ACTIVITY:
Would you please return every line from the listing that contains the word "True"?
━━━━━━
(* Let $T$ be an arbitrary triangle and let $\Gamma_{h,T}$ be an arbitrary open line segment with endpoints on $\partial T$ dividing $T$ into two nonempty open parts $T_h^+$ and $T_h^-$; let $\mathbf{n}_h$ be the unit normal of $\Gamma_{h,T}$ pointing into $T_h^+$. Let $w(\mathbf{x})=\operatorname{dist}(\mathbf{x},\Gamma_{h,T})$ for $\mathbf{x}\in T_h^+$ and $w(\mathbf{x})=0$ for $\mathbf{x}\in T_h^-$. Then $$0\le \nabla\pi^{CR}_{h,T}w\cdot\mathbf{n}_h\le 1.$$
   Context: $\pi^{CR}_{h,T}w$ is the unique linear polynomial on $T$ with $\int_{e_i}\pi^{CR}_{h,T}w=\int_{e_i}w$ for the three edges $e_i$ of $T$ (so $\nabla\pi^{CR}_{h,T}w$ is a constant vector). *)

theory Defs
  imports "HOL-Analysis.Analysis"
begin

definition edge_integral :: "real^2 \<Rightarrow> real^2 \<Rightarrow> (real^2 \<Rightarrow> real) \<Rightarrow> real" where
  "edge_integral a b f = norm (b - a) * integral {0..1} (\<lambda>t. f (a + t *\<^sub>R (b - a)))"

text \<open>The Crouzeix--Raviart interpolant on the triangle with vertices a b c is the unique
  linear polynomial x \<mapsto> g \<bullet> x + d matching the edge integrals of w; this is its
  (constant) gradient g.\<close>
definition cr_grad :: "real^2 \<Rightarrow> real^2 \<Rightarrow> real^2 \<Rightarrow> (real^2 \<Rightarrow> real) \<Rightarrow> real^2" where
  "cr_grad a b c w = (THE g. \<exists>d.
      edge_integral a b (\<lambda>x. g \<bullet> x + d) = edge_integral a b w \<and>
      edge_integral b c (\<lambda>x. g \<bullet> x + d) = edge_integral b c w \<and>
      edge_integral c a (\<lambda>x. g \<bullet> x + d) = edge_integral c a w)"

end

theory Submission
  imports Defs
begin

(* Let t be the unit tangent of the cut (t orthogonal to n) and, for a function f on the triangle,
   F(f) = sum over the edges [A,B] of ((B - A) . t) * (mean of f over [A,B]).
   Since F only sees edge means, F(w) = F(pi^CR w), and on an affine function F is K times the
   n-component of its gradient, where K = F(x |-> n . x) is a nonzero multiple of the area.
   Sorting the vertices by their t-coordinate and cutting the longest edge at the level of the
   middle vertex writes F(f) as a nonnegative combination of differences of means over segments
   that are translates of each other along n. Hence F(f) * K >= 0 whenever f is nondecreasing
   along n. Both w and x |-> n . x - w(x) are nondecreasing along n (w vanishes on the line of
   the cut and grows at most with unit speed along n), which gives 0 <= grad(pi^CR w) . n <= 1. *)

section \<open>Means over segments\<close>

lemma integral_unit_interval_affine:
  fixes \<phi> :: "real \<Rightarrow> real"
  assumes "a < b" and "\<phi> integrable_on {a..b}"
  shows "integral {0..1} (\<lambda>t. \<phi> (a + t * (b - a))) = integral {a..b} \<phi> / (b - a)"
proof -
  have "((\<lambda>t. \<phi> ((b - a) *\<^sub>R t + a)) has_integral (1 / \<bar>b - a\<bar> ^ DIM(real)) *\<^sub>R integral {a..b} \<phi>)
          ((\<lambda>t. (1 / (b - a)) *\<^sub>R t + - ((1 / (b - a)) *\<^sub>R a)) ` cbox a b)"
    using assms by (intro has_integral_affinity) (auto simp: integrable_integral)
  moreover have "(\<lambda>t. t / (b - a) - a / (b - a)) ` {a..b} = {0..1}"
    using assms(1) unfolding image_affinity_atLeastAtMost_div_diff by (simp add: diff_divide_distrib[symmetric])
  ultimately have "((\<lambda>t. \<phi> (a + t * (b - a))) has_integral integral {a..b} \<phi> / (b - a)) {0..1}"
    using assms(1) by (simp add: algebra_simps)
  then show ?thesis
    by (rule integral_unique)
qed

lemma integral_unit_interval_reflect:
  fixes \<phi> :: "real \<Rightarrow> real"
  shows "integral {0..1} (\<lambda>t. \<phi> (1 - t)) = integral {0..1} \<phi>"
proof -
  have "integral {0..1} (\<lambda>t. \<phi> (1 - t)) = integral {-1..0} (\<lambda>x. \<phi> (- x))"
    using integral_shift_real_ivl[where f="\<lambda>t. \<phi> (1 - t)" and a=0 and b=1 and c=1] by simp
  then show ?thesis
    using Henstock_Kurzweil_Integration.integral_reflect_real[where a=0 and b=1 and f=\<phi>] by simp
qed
━━━━━━
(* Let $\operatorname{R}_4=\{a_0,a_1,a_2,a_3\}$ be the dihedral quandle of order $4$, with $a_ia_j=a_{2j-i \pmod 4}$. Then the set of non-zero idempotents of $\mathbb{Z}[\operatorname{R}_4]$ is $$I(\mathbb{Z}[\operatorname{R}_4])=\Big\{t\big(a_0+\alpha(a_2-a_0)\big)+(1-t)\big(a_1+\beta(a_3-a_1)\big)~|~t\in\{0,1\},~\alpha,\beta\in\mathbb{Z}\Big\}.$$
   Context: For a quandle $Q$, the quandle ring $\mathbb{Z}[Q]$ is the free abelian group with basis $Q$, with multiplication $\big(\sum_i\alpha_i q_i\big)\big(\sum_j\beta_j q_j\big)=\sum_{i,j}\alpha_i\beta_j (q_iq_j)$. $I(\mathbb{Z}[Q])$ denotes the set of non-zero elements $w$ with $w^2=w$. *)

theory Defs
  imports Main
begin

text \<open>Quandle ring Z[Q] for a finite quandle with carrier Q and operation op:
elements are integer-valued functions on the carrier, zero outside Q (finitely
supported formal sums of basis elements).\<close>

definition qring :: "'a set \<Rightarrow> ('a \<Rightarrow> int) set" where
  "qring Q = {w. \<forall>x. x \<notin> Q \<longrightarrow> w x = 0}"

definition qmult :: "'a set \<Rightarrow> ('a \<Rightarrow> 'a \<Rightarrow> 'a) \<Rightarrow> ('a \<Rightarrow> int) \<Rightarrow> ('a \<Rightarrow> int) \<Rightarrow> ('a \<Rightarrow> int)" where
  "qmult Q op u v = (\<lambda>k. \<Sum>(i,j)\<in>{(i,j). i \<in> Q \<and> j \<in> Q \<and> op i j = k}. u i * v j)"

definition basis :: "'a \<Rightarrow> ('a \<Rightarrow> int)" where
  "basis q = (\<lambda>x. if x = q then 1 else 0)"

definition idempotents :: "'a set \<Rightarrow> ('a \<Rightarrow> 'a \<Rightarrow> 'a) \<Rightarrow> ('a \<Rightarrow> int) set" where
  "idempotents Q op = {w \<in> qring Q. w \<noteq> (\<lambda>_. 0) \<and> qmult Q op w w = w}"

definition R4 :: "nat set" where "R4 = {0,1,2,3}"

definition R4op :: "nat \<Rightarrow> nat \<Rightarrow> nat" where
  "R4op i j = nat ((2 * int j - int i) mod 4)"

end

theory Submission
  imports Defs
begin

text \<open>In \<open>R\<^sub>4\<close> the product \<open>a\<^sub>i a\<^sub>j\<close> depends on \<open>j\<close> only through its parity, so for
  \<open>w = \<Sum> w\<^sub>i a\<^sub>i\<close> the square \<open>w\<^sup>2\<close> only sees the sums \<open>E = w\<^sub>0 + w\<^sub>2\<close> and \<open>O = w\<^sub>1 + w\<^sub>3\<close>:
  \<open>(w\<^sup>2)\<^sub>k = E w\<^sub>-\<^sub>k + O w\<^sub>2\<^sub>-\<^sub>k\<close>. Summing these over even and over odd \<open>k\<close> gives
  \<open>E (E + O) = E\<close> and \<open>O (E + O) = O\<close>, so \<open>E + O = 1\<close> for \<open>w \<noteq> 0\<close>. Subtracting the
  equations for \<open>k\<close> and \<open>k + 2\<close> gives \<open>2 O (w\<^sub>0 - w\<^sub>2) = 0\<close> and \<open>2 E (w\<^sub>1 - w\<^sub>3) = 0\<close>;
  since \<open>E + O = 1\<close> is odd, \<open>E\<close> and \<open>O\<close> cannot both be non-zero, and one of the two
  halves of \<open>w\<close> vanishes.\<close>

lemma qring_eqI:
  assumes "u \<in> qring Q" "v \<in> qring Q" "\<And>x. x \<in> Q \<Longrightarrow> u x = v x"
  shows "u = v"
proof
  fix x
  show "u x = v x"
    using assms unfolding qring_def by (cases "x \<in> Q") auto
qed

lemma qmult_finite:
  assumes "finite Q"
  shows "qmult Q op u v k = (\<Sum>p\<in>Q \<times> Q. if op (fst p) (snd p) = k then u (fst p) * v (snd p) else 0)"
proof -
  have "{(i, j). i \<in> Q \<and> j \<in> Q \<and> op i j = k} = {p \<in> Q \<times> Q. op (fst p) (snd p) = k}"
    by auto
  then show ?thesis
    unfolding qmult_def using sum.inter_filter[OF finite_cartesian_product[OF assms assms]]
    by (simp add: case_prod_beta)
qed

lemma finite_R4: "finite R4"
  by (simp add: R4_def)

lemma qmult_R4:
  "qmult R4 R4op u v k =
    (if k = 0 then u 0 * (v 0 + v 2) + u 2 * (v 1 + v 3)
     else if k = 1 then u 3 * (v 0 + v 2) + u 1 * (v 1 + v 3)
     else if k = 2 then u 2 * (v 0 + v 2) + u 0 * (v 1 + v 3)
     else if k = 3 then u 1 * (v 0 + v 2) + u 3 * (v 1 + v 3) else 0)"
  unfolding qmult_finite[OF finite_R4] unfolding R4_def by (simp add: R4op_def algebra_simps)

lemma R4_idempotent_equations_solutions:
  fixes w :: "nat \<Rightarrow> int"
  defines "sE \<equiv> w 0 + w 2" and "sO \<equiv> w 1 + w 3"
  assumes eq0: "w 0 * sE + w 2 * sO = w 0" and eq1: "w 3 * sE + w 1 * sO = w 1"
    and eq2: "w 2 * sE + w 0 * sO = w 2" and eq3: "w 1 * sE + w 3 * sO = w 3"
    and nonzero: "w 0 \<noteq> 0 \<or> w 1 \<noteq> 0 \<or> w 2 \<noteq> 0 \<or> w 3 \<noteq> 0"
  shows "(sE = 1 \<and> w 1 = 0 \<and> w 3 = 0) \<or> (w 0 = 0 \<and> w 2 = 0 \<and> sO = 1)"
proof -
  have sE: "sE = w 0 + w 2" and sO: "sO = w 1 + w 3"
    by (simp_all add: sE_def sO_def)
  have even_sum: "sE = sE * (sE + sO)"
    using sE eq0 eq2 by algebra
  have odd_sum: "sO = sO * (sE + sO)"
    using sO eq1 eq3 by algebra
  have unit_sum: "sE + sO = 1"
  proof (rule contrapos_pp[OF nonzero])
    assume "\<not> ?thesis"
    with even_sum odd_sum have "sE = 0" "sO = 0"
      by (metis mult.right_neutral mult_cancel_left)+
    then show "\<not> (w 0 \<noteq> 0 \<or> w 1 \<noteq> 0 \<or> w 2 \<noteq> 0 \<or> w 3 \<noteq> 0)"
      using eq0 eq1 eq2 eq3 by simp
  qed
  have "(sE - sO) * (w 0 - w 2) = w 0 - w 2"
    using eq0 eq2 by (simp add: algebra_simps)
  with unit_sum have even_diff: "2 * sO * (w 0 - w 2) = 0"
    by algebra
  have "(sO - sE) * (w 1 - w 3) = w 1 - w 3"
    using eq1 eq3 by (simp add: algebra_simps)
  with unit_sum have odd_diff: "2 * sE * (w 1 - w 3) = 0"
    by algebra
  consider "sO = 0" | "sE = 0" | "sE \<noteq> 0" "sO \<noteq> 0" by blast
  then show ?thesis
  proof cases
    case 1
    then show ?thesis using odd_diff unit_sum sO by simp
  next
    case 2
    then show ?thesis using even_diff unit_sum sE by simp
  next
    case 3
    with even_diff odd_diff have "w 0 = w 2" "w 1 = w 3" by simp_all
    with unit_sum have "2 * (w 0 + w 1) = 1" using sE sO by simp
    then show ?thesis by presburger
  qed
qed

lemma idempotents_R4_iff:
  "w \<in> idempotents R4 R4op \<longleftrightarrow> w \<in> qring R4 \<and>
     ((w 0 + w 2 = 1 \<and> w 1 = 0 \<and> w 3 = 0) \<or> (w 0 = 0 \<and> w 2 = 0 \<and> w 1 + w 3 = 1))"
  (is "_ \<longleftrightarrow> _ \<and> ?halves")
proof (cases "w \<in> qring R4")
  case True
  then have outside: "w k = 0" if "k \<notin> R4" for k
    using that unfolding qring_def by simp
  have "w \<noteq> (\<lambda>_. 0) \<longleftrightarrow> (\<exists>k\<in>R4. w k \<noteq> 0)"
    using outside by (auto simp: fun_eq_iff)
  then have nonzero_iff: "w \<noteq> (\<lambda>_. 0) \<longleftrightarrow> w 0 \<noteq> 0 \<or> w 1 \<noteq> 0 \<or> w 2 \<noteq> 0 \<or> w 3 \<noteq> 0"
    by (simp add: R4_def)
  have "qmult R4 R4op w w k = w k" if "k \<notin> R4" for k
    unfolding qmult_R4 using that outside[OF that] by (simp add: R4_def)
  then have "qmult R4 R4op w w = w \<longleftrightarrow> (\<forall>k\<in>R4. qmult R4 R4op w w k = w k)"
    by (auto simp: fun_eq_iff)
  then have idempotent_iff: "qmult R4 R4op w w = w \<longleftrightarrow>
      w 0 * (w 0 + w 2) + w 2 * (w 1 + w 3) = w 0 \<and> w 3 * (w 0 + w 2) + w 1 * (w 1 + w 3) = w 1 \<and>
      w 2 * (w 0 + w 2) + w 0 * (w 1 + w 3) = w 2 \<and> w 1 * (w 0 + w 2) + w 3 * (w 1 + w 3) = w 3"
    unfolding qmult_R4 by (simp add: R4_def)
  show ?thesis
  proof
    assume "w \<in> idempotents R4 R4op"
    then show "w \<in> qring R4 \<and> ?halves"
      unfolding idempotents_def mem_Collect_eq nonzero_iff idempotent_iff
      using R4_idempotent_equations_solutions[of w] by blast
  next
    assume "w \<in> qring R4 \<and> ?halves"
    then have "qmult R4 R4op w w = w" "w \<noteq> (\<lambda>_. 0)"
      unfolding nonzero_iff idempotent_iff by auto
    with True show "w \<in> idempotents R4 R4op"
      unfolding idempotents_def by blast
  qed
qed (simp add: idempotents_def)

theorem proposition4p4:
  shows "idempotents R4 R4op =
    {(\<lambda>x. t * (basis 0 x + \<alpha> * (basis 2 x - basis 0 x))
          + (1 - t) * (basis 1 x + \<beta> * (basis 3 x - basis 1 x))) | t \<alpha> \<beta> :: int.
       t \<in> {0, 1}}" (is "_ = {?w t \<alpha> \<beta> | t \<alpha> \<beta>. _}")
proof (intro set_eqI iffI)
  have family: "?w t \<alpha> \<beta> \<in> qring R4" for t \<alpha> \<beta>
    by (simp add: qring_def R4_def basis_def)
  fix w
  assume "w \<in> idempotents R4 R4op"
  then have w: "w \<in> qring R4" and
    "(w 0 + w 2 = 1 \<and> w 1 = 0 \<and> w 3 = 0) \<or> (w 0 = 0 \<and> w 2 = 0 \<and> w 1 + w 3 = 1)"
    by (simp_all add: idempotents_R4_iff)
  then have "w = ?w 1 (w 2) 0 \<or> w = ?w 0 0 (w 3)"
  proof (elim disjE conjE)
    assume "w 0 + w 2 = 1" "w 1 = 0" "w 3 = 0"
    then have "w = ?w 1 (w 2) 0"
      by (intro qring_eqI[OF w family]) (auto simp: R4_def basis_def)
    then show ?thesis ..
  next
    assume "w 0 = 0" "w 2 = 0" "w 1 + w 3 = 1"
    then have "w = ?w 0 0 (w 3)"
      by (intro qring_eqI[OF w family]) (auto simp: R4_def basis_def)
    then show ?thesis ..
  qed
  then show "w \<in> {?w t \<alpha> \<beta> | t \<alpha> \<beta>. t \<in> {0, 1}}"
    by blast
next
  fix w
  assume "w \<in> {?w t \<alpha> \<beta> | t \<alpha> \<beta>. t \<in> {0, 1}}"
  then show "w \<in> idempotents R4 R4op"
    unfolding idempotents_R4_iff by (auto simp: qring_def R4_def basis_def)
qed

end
━━━━━━
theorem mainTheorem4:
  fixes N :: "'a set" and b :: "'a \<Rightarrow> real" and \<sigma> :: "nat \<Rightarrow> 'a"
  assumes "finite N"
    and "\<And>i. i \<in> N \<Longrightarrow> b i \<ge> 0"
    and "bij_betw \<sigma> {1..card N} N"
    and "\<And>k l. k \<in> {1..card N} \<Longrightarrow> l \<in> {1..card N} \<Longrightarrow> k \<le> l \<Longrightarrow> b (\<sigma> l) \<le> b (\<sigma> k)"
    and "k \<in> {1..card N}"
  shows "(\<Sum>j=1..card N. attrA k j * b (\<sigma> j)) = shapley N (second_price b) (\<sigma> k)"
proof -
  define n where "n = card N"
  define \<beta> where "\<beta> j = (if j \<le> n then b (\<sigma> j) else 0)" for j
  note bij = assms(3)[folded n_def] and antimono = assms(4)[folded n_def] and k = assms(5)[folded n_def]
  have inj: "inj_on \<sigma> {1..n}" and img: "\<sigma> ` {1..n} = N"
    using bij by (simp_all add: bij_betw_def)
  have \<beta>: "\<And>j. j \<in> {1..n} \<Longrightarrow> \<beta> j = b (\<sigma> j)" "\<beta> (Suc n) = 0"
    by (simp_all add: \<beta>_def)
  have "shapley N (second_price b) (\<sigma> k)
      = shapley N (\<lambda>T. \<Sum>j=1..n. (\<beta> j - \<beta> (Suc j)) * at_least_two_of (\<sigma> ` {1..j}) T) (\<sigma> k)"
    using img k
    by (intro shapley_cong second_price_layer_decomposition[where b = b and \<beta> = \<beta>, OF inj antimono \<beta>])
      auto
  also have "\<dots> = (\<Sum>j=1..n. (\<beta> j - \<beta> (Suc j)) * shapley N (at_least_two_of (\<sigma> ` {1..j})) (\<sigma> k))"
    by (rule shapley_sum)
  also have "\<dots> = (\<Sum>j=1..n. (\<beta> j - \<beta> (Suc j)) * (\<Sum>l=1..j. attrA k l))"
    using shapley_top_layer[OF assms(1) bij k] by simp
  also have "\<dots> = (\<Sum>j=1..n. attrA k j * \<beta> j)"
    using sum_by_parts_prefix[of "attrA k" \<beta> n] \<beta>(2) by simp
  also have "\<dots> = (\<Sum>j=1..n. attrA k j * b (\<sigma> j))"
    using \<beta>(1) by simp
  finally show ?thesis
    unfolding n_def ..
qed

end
━━━━━━
WRITTEN ANSWER:
  case True
    with True show "w \<in> idempotents R4 R4op"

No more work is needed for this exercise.